» **ASSIGNMENT**
The lines below that include the word "powr" are to be reported.

» **DATA FOR REVIEW**
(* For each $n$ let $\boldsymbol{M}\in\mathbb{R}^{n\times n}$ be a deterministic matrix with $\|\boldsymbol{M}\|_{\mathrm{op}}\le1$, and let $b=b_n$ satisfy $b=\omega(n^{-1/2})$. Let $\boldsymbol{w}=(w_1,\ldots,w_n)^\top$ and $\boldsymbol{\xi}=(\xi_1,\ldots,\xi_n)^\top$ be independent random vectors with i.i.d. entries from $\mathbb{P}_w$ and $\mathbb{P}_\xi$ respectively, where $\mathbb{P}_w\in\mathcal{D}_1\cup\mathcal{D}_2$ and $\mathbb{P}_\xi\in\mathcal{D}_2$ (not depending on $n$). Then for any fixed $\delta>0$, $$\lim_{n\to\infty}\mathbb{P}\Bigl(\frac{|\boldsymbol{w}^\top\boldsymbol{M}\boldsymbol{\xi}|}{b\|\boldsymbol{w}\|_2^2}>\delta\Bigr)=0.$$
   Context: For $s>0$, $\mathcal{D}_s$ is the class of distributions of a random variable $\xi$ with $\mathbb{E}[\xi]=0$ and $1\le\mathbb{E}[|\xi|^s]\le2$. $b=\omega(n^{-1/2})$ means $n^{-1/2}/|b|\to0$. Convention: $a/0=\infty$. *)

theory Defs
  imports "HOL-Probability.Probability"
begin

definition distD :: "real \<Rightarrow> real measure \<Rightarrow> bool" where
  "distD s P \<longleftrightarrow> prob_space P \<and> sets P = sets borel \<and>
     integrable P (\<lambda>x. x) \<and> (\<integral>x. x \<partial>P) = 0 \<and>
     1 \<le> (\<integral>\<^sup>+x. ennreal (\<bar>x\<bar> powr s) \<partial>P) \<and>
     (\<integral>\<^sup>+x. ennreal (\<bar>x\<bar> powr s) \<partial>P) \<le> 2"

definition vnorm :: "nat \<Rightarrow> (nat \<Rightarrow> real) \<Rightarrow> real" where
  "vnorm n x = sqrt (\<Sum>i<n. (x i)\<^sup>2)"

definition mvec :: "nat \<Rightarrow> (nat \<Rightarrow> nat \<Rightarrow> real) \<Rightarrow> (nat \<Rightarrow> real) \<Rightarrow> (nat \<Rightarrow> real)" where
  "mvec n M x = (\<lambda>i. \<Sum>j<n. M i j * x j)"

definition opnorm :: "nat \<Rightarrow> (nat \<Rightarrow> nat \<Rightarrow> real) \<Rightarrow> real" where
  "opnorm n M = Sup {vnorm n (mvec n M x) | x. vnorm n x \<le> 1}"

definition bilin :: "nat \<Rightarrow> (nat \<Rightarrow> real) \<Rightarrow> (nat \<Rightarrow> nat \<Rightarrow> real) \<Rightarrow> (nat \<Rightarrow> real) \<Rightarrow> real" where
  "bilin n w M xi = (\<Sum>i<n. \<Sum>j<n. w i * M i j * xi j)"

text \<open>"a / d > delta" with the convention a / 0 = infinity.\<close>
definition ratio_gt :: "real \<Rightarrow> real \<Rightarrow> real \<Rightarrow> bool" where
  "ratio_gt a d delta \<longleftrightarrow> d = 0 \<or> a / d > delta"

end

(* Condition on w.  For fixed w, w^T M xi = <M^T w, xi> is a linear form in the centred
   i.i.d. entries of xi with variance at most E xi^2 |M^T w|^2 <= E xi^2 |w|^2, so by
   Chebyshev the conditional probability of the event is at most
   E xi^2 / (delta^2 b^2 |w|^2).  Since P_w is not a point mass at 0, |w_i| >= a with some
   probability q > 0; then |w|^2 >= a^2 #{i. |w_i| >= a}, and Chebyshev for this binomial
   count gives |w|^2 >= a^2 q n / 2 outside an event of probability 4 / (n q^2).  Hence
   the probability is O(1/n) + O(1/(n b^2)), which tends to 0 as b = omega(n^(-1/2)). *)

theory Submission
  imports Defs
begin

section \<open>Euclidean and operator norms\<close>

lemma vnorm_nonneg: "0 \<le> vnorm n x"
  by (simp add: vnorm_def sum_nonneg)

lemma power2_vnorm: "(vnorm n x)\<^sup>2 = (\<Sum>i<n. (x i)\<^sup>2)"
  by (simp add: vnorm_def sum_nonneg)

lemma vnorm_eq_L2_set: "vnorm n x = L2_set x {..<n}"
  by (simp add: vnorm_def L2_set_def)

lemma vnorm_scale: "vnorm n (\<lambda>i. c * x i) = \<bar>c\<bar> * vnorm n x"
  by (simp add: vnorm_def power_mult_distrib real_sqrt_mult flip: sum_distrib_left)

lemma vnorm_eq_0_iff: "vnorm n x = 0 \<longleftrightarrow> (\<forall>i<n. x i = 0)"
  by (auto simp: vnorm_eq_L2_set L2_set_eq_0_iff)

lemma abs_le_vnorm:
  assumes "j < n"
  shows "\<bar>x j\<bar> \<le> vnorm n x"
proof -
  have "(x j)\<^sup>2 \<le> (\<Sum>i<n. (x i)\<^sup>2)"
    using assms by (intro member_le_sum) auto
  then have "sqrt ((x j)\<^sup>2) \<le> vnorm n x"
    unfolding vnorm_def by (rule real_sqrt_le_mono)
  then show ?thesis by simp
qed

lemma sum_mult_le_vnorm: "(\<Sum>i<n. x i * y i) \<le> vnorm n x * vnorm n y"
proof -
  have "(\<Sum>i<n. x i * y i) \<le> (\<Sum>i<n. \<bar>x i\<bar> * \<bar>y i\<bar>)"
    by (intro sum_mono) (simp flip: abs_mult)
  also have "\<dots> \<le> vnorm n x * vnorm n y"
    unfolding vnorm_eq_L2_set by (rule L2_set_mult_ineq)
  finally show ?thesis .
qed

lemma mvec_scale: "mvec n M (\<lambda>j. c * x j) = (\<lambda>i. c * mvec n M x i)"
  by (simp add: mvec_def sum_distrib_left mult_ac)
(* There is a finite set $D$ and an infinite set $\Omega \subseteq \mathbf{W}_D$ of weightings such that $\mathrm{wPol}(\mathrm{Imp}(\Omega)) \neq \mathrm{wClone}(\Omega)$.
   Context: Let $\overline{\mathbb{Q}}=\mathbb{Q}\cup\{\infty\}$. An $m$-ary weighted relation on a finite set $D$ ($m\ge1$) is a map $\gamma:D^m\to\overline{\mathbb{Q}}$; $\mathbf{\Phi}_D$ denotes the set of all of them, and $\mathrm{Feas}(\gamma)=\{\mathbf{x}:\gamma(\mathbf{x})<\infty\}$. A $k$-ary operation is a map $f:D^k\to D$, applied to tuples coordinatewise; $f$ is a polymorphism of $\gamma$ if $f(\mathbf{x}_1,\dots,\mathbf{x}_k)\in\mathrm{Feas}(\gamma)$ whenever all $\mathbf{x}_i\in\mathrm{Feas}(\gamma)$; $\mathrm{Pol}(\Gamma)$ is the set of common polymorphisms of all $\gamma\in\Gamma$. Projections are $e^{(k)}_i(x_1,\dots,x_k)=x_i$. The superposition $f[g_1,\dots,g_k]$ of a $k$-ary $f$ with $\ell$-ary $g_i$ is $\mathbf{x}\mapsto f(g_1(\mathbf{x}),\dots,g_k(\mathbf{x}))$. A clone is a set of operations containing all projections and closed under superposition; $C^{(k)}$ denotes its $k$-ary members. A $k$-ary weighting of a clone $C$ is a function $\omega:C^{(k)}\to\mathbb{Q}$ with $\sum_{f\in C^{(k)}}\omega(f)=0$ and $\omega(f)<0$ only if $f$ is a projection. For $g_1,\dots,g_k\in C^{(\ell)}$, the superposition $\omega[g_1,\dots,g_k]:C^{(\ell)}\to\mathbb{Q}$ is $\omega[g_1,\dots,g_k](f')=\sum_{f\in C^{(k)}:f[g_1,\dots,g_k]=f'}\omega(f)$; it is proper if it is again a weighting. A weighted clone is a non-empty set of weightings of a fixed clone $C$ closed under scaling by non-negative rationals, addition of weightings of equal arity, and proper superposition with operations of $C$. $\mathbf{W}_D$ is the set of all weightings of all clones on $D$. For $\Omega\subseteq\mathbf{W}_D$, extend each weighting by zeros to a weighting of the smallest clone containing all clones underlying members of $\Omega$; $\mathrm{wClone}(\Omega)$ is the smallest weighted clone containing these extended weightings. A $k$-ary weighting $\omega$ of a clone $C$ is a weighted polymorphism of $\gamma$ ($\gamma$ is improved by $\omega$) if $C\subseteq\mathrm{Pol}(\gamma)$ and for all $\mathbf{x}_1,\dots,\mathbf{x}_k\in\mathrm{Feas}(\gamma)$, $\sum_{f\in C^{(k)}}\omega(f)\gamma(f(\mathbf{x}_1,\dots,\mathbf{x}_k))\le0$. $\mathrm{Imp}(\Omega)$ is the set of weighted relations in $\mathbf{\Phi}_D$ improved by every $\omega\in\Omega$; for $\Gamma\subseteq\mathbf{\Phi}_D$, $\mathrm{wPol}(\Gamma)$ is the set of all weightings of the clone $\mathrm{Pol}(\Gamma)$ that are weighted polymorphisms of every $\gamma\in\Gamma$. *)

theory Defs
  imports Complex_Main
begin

» **ANSWER BOX**
     1 \<le> (\<integral>\<^sup>+x. ennreal (\<bar>x\<bar> powr s) \<partial>P) \<and>
     (\<integral>\<^sup>+x. ennreal (\<bar>x\<bar> powr s) \<partial>P) \<le> 2"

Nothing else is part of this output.